INSTRUCTIONS TO FOLLOW
List each line of the data that holds the word "auto".

[Collected data]
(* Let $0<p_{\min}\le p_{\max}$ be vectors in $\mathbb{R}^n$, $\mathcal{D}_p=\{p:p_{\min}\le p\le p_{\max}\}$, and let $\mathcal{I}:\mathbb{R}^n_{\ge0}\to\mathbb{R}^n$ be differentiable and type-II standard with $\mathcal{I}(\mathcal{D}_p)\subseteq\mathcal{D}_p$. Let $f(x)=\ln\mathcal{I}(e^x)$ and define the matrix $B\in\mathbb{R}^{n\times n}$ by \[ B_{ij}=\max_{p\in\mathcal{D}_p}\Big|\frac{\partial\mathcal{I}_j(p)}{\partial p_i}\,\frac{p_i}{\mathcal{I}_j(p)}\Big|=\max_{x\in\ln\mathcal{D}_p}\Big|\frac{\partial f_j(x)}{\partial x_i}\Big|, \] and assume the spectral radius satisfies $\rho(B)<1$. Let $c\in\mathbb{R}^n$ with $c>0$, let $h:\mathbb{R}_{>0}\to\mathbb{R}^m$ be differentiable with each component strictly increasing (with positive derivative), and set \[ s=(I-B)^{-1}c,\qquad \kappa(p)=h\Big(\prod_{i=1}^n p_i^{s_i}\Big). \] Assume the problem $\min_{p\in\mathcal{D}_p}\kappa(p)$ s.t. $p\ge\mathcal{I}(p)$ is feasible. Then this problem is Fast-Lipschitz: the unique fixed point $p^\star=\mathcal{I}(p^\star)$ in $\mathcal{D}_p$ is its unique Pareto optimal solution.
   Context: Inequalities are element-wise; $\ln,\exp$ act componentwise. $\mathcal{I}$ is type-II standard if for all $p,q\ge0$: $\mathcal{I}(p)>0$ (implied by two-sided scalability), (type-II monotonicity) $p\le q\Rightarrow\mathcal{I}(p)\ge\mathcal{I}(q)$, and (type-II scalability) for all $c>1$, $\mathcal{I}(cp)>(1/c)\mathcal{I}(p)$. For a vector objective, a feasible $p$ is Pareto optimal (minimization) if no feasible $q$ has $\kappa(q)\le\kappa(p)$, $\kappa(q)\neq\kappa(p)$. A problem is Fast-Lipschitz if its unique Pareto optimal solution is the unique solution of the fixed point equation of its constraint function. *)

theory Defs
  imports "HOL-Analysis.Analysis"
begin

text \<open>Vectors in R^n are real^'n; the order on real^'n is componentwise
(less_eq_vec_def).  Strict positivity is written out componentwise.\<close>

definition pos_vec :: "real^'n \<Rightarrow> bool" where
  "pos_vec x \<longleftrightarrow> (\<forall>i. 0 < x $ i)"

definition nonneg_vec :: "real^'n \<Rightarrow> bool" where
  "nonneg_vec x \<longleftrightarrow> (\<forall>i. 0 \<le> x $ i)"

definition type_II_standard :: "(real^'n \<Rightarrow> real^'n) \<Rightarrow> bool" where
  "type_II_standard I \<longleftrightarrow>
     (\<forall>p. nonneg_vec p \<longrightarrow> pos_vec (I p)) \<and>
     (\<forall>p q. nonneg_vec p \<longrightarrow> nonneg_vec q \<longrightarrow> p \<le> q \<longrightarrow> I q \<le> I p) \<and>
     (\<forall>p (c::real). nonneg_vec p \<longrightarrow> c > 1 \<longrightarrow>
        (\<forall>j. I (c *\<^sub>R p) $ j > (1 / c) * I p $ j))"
...
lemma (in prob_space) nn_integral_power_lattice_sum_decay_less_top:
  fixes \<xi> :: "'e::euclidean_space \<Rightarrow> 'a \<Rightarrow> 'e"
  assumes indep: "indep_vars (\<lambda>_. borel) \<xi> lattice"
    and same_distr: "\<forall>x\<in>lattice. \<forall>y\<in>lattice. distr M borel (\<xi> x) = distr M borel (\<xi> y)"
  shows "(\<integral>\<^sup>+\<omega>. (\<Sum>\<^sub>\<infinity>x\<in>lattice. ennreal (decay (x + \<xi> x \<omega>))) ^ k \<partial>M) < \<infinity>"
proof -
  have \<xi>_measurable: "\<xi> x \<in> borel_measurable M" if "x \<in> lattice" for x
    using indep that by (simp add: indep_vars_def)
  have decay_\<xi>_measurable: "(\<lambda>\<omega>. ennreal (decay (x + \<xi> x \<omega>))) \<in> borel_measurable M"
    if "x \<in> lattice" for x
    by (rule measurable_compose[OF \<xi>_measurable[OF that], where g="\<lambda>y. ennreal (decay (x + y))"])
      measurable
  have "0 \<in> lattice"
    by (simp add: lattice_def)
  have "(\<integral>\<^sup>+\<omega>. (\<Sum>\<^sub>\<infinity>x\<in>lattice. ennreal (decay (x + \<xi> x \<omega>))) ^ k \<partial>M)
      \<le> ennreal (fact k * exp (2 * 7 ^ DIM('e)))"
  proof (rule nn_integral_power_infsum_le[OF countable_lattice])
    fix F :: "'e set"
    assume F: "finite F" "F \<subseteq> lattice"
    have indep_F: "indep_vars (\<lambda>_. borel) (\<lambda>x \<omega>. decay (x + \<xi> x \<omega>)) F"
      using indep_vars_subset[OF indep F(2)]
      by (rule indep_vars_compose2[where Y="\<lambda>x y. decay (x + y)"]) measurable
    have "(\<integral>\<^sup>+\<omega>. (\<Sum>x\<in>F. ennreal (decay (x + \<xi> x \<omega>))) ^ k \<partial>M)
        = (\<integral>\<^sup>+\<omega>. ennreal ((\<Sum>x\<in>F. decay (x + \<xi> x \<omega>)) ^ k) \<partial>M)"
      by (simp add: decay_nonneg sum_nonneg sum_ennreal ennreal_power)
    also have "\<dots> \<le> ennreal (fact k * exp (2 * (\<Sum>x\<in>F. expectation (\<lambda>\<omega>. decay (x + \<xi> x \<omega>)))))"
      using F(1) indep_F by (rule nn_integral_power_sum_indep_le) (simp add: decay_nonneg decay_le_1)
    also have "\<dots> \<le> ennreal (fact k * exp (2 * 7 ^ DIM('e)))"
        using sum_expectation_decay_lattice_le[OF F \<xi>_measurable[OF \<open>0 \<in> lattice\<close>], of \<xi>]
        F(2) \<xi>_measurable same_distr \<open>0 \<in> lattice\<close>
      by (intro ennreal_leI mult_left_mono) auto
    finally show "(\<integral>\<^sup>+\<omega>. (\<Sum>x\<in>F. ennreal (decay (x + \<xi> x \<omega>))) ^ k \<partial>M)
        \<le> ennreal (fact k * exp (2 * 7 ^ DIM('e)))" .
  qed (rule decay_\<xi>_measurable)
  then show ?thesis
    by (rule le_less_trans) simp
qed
---
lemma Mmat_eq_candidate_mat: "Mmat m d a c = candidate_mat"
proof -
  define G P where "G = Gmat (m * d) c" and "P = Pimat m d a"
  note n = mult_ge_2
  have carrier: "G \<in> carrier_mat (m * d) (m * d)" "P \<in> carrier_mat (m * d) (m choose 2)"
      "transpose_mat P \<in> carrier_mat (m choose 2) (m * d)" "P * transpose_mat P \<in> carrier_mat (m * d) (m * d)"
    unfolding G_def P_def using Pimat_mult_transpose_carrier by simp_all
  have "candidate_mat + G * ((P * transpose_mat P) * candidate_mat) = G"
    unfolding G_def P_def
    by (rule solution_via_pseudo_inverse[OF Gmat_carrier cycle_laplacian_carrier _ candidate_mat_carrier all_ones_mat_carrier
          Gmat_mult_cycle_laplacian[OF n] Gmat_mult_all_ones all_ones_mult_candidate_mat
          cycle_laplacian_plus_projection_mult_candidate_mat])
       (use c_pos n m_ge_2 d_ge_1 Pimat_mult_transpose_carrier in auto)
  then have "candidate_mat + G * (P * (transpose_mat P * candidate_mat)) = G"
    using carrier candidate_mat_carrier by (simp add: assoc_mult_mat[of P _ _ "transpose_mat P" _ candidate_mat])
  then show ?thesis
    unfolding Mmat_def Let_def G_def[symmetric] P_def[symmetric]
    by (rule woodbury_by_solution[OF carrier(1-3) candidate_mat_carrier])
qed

RESULT
      by (intro ennreal_leI mult_left_mono) auto
       (use c_pos n m_ge_2 d_ge_1 Pimat_mult_transpose_carrier in auto)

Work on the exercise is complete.